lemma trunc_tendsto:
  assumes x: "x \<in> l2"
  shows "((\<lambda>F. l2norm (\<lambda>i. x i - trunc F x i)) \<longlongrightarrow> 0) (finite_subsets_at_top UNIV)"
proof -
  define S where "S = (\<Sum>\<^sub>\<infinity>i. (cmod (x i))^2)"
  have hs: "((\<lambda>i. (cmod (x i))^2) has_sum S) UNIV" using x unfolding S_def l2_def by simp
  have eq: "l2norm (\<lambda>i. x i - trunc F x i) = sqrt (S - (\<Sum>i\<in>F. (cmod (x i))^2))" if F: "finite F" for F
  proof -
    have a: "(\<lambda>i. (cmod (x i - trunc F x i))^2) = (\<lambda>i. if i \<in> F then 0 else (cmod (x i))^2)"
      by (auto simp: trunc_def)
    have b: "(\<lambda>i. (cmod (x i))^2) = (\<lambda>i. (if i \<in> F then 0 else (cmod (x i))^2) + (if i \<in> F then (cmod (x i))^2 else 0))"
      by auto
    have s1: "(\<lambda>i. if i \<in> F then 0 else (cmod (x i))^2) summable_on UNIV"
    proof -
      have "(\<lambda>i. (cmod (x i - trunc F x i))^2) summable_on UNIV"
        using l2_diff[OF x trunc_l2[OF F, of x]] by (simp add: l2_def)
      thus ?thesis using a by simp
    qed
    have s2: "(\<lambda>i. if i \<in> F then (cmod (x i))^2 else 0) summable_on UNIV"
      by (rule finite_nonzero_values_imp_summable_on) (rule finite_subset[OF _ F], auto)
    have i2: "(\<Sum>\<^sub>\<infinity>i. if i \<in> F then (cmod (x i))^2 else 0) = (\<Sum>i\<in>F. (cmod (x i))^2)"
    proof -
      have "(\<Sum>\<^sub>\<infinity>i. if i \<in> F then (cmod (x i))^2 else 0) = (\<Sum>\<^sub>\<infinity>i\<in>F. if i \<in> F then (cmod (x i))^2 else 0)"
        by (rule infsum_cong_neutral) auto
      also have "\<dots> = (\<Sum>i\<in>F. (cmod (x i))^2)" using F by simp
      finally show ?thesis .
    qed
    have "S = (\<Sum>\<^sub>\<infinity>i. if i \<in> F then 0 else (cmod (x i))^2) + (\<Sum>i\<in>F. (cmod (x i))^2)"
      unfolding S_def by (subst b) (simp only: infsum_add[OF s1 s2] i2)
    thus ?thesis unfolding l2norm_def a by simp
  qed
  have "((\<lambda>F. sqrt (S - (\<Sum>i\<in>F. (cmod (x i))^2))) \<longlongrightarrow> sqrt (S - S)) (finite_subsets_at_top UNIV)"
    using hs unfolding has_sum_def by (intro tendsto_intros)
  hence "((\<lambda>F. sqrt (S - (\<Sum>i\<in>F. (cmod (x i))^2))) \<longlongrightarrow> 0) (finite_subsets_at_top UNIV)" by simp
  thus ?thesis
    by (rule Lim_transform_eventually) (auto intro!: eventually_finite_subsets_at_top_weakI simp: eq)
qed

...

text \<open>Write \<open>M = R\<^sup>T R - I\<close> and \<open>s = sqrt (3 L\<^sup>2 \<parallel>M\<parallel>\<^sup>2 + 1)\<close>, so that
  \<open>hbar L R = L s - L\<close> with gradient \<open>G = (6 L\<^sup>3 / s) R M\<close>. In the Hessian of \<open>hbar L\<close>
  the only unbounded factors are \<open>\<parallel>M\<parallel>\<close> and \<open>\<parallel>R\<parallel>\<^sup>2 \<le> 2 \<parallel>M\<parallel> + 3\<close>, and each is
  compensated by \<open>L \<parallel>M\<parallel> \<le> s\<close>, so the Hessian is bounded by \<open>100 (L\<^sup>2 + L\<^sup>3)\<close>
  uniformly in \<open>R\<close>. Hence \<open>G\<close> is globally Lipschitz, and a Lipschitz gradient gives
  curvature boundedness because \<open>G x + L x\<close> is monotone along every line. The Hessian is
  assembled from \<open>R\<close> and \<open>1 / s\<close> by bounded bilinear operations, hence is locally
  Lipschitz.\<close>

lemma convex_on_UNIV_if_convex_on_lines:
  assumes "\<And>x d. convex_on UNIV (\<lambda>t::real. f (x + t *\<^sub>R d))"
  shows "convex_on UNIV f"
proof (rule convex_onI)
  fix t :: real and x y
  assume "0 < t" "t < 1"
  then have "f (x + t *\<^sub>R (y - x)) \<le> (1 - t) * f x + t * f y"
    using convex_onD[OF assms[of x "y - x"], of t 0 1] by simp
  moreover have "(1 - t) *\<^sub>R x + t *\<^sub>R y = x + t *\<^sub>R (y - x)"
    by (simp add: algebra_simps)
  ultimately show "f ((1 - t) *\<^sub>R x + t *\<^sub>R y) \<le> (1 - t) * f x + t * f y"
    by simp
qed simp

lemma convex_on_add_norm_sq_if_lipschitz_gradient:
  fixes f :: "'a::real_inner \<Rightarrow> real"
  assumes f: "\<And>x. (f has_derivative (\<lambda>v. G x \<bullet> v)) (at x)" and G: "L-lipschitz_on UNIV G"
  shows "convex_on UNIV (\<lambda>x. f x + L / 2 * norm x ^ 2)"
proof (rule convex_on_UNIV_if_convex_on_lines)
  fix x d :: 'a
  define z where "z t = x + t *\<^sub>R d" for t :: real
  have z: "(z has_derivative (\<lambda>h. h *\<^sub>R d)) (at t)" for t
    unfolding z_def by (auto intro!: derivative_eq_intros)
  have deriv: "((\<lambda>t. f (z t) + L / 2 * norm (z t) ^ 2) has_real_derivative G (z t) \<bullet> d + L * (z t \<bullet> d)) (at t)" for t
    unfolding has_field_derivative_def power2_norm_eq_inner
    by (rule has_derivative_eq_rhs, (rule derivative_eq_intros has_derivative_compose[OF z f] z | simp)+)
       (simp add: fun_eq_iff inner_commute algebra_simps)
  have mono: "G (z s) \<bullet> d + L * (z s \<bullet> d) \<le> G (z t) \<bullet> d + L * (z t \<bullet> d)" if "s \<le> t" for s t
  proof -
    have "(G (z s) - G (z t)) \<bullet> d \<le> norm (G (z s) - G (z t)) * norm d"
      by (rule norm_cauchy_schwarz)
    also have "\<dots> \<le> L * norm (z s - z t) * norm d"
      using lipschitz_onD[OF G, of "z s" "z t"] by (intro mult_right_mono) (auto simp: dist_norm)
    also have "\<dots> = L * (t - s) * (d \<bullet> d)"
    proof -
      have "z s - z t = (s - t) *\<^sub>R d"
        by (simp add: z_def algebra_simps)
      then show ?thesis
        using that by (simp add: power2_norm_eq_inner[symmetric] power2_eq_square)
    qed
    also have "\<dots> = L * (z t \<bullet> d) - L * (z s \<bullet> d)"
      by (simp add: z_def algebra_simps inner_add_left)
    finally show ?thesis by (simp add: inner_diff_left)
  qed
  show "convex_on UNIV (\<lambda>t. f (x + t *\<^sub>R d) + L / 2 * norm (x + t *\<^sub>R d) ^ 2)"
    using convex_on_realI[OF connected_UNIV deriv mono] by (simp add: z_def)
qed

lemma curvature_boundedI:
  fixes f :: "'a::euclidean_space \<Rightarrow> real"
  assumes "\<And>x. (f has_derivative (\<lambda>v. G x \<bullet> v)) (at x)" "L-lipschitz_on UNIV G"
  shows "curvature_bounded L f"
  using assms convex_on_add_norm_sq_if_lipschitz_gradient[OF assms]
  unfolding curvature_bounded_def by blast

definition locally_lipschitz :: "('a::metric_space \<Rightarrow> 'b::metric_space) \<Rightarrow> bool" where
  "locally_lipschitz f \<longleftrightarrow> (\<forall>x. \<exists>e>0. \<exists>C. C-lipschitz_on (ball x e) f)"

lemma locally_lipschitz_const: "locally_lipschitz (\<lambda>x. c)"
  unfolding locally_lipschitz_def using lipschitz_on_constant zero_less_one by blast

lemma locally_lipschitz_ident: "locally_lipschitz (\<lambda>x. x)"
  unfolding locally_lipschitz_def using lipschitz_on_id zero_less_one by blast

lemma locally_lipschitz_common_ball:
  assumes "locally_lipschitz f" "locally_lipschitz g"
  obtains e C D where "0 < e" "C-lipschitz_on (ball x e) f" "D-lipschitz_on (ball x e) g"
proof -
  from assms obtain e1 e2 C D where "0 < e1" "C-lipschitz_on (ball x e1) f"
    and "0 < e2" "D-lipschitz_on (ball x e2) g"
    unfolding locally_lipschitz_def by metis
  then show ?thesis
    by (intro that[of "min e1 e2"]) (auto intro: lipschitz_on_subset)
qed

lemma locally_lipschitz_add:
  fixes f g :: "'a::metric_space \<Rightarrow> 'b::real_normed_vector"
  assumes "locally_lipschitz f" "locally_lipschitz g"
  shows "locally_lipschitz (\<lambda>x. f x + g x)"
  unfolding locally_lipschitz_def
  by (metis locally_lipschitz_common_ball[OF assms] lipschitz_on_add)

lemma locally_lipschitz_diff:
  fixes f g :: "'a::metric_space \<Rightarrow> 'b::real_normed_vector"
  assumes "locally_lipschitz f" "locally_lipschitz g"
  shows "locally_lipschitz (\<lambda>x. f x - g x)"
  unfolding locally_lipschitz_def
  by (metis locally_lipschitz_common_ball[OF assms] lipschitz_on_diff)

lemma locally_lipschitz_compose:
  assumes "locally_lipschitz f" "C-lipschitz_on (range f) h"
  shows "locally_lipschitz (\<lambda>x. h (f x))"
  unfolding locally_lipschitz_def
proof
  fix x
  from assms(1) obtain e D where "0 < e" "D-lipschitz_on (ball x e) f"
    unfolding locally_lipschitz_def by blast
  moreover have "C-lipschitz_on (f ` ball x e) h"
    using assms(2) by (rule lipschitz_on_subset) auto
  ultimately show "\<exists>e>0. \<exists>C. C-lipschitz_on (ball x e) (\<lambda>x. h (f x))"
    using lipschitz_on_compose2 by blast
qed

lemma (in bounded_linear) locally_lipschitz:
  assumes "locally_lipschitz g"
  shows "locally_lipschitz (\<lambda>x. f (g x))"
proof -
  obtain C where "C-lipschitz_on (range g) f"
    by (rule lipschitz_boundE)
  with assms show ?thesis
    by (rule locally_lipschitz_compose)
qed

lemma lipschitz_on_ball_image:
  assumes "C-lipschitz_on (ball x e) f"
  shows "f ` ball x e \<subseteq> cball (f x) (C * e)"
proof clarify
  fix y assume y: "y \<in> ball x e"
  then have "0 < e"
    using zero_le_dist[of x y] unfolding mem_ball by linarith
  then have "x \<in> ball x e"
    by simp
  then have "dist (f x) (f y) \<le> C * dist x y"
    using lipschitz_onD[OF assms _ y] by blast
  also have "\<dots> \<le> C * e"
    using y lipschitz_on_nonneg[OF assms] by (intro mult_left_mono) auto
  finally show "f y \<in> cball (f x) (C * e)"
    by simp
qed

Exercise directions:
What lines of the preceding data include the string "ultimately"? Pull them out.

Result of this exercise:
  ultimately show "f ((1 - t) *\<^sub>R x + t *\<^sub>R y) \<le> (1 - t) * f x + t * f y"
  ultimately show "\<exists>e>0. \<exists>C. C-lipschitz_on (ball x e) (\<lambda>x. h (f x))"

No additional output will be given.